Однако людям «Нового абвера» удалось нащупать след фургона. Этот русский Иван... впрочем, он не Иван, а Серхей («доннер веттер, какое трудное имя!») ведет себя непостижимо неразумно. Никакой логики. Да, захват фургона можно признать разумной акцией. Но зачем он потащил с собой этнически недоразвитых, абсолютно неподконтрольных особей из стран третьего мира? Ладно бы еще просто потащил, славянин же устроил целый балаган из этой поездки, словно и не надо ему ни от кого скрываться!

Следует признать – способ преодоления границы выбран верно: по проселочным, лесным и горным дорогам, от деревушки к деревушке, в объезд всех постов. Но почему не ехать тихо, зачем сопровождать езду шумом и грохотом?! Какой в этом смысл?!

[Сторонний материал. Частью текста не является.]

(* For any aggregator $f:[0,1]^2\to[0,1]$ and any $\lambda\in(0,1]$, $$R_\lambda(f)=\sup_{\theta\in\Theta_4}\mathbb E_\theta\big[L(f(\mathbf x(\mathbf s,\lambda)),\omega)-L(f^*(\mathbf s),\omega)\big],$$ where $\Theta_4\subseteq\Theta$ is the set of conditionally independent structures in which each expert has exactly two possible signals, $\mathcal S_1=\mathcal S_2=\{r,b\}$.
   Context: Setting: a binary world state $\omega\in\{0,1\}$ and two experts. An information structure $\theta$ consists of a prior $\mu=\Pr[\omega=1]\in(0,1)$ and finite signal spaces $\mathcal S_1,\mathcal S_2$ with a joint distribution of $(\omega,S_1,S_2)$ under which $S_1,S_2$ are conditionally independent given $\omega$; $\Theta$ is the set of all such structures. For $\lambda\in(0,1]$, expert $i$ with signal $s_i$ reports $x_i(s_i,\lambda)=\frac{\mu^\lambda\Pr[S_i=s_i\mid\omega=1]}{\mu^\lambda\Pr[S_i=s_i\mid\omega=1]+(1-\mu)^\lambda\Pr[S_i=s_i\mid\omega=0]}$, and $\mathbf x(\mathbf s,\lambda)=(x_1(s_1,\lambda),x_2(s_2,\lambda))$. $f^*(\mathbf s)=\Pr_\theta[\omega=1\mid S_1=s_1,S_2=s_2]$. The loss is $L(y,\omega)=(y-\omega)^2$. The regret is $R_\lambda(f)=\sup_{\theta\in\Theta}\mathbb E_\theta[L(f(\mathbf x(\mathbf s,\lambda)),\omega)-L(f^*(\mathbf s),\omega)]$. *)

theory Defs
  imports Complex_Main
begin

text \<open>An information structure is represented as a tuple (mu, S1, S2, P1, P2):
  mu = Pr[omega = 1]; S1, S2 are finite signal spaces (encoded as finite sets of naturals);
  Pi w s = Pr[S_i = s | omega = w] (w = True means omega = 1).
  Conditional independence is built in: the joint law is
  Pr[omega = w, S1 = s1, S2 = s2] = Pr[omega = w] * P1 w s1 * P2 w s2.\<close>

type_synonym info_struct =
  "real \<times> nat set \<times> nat set \<times> (bool \<Rightarrow> nat \<Rightarrow> real) \<times> (bool \<Rightarrow> nat \<Rightarrow> real)"

definition cond_dist :: "nat set \<Rightarrow> (bool \<Rightarrow> nat \<Rightarrow> real) \<Rightarrow> bool" where
  "cond_dist S P \<longleftrightarrow> finite S \<and> (\<forall>w. (\<forall>s\<in>S. P w s \<ge> 0) \<and> (\<Sum>s\<in>S. P w s) = 1)"

definition is_info_struct :: "info_struct \<Rightarrow> bool" where
  "is_info_struct \<theta> = (case \<theta> of (\<mu>, S1, S2, P1, P2) \<Rightarrow>
      0 < \<mu> \<and> \<mu> < 1 \<and> cond_dist S1 P1 \<and> cond_dist S2 P2)"

text \<open>Theta: all structures.  Theta_4: both experts have signal space {r,b}, encoded {0,1}.\<close>
definition Theta :: "info_struct set" where
  "Theta = {\<theta>. is_info_struct \<theta>}"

По свидетельствам очевидцев искомый фургон проезжал через их поселения с песнями, с винопитием, с пусканием петард. Путешественники надолго удивляли продавцов местных магазинов, иногда покупая немыслимые вещи. Зачем, скажите, понадобилось русскому и его окружению черно-белый фотоувеличитель и хоккеистская форма?

Ну а как прикажете объяснить такую выходку: они вернулись в деревню, от которой уже отъехали на приличное расстояние, узнав от случайного прохожего, что в той деревне делают лучшее на всей пограничной земле вино. И они купили целый бочонок этого вина!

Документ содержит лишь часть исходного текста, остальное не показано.